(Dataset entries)
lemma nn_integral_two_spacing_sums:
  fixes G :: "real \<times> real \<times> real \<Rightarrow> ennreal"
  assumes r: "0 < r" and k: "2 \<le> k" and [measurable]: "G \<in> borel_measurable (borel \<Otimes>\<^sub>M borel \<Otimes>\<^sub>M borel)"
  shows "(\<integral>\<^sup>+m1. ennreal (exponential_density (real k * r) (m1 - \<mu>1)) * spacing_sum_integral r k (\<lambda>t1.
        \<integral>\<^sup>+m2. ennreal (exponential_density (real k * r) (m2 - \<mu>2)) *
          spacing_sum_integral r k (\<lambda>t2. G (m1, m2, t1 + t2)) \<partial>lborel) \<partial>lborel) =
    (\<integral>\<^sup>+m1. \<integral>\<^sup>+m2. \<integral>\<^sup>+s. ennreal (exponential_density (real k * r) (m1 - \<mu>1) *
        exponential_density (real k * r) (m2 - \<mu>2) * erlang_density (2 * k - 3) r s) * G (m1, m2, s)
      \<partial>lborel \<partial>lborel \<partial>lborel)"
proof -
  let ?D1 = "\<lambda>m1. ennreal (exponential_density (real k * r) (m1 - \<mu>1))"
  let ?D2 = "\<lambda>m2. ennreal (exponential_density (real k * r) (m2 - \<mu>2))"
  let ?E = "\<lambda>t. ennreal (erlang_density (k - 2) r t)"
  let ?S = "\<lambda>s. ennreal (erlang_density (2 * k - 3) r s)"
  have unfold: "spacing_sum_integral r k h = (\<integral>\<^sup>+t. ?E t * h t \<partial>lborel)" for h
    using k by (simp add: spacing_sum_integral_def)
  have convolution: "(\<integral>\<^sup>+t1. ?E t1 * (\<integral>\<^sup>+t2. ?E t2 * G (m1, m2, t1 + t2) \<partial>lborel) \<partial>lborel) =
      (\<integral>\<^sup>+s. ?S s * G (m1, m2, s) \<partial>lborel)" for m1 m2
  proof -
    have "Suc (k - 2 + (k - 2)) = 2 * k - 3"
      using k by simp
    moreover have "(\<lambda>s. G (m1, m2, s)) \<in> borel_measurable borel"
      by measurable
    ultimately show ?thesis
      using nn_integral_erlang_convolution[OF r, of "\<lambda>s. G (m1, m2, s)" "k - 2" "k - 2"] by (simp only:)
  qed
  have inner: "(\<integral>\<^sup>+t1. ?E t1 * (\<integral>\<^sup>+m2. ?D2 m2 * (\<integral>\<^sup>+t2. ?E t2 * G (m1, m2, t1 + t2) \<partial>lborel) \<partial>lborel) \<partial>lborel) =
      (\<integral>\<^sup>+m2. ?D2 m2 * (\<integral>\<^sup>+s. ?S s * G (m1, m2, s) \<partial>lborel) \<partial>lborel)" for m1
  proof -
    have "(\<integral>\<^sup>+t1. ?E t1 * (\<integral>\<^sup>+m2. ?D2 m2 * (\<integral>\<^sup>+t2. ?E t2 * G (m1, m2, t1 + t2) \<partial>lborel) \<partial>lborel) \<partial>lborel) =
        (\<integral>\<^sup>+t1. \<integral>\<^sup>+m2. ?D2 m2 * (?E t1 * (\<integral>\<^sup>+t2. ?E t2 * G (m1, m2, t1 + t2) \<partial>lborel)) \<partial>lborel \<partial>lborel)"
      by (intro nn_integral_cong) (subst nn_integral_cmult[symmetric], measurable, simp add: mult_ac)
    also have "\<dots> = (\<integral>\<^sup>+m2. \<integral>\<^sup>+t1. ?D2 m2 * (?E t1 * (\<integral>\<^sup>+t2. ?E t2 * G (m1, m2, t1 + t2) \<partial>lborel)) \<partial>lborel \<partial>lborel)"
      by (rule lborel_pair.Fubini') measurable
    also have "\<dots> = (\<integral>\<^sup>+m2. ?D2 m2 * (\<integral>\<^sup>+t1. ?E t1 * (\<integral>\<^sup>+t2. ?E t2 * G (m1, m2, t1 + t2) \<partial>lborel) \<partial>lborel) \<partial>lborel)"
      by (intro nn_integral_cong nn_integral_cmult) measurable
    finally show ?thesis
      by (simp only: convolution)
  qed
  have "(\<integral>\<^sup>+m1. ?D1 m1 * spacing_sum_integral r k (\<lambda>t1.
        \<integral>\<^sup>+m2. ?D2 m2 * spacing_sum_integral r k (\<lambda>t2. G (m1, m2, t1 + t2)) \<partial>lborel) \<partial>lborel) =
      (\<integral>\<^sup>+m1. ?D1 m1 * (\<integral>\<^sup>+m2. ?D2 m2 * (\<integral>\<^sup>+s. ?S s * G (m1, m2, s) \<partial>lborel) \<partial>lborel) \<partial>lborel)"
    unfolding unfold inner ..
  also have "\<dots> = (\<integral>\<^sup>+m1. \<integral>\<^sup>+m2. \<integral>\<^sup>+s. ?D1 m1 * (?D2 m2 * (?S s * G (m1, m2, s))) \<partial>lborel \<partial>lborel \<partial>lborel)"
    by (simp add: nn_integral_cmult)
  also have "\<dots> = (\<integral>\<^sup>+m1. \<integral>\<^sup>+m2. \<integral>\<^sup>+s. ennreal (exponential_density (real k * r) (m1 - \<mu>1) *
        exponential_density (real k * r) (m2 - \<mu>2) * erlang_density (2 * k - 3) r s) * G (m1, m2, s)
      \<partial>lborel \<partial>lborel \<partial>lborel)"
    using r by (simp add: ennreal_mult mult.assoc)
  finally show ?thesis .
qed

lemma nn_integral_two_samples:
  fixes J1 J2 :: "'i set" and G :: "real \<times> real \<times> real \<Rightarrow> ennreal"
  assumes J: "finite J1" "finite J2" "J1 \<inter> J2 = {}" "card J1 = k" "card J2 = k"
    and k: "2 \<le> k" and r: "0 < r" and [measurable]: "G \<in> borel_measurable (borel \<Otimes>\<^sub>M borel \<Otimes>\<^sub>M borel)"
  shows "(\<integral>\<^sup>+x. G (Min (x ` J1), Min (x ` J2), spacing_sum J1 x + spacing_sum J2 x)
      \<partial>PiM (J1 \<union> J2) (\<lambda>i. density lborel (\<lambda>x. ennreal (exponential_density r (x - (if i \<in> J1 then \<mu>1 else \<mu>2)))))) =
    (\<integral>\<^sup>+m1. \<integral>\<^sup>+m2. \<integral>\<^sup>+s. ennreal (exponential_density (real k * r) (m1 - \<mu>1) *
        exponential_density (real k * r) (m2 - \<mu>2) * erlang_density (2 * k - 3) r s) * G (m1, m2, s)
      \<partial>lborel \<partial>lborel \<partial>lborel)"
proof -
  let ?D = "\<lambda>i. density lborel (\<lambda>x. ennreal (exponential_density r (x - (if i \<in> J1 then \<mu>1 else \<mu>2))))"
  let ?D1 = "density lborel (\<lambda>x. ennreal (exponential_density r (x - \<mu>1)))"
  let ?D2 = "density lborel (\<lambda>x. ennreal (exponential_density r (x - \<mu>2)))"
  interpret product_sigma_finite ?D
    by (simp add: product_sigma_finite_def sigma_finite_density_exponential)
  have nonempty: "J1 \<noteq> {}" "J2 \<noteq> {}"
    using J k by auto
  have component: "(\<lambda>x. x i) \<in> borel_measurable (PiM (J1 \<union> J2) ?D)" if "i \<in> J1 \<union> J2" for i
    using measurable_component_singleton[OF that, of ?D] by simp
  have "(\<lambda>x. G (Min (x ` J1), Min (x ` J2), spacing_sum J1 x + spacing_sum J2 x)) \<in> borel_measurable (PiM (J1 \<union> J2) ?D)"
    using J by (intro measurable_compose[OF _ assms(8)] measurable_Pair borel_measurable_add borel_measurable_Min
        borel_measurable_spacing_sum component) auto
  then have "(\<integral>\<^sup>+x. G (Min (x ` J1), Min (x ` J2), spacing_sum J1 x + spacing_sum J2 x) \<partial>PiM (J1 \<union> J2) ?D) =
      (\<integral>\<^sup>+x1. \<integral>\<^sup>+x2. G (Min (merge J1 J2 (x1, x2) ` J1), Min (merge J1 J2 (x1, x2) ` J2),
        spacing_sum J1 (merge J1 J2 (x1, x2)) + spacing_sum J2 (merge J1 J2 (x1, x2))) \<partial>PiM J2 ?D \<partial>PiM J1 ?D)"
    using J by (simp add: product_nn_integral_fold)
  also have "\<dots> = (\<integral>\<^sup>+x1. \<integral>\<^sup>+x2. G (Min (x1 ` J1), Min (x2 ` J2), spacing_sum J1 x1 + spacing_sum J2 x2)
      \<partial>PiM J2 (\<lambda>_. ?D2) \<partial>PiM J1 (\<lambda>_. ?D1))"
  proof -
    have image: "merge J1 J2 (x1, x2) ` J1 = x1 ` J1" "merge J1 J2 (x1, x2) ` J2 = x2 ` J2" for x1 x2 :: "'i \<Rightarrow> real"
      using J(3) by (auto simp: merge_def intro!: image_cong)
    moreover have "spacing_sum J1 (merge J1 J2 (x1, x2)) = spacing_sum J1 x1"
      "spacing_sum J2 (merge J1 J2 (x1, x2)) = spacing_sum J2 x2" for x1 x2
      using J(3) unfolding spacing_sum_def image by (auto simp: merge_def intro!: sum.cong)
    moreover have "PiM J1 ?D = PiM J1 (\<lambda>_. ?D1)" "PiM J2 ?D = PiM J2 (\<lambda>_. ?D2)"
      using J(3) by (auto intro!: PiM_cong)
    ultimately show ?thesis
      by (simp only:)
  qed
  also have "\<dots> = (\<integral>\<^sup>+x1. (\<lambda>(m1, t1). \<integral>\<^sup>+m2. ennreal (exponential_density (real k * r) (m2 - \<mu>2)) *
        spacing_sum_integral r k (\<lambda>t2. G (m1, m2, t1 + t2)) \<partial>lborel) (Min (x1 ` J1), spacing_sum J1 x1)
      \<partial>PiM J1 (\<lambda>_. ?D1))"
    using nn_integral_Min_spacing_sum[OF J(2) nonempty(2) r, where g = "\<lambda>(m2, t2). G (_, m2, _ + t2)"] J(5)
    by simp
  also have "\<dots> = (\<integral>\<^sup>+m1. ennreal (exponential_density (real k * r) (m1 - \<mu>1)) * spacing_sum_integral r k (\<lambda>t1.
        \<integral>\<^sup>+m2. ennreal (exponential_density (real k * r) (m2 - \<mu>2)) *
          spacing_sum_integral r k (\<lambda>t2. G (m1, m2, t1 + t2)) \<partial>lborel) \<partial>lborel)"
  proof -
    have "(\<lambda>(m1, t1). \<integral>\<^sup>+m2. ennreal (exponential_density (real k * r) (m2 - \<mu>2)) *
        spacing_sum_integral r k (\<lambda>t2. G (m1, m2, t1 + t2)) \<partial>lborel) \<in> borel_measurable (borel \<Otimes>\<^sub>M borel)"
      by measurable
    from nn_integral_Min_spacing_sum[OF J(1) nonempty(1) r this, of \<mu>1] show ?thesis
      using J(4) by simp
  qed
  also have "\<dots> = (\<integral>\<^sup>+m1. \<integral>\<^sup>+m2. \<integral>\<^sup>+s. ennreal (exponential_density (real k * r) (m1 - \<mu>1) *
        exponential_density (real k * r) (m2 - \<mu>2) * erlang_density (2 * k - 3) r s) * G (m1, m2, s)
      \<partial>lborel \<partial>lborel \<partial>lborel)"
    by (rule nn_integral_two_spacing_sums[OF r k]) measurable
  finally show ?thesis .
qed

==

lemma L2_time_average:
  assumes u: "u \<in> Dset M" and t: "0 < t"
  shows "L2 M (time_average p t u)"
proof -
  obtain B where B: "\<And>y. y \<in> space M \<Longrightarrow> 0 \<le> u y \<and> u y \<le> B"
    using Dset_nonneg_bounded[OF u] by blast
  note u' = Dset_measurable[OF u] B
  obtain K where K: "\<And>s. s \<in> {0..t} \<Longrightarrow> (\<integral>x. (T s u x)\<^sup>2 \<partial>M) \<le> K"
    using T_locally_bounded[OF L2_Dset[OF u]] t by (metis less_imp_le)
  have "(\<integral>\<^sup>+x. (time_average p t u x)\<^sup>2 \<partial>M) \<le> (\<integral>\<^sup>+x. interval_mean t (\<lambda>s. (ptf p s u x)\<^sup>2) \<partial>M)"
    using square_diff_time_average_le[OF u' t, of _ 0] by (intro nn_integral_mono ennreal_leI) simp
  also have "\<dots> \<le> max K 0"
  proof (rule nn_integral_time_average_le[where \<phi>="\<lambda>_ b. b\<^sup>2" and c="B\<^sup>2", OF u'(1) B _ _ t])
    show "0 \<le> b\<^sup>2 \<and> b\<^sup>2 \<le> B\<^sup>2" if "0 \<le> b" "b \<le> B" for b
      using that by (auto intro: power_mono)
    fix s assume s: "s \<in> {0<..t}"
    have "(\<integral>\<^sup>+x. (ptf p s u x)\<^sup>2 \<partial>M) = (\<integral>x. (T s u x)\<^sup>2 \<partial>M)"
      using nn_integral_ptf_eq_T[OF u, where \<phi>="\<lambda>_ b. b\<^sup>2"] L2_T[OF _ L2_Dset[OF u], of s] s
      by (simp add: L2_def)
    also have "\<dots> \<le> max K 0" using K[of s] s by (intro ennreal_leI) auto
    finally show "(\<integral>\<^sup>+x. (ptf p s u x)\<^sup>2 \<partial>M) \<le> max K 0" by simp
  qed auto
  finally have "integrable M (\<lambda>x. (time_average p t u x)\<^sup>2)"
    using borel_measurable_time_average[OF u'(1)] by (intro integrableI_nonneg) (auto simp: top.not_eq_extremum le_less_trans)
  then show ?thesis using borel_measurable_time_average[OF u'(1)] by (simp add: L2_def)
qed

• WHAT THE EXERCISE ASKS: Go through the entries and return each line where the word "then" occurs.

• RESULT FOR THIS TASK:
      \<partial>PiM (J1 \<union> J2) (\<lambda>i. density lborel (\<lambda>x. ennreal (exponential_density r (x - (if i \<in> J1 then \<mu>1 else \<mu>2)))))) =
  let ?D = "\<lambda>i. density lborel (\<lambda>x. ennreal (exponential_density r (x - (if i \<in> J1 then \<mu>1 else \<mu>2))))"
  then have "(\<integral>\<^sup>+x. G (Min (x ` J1), Min (x ` J2), spacing_sum J1 x + spacing_sum J2 x) \<partial>PiM (J1 \<union> J2) ?D) =
  then show ?thesis using borel_measurable_time_average[OF u'(1)] by (simp add: L2_def)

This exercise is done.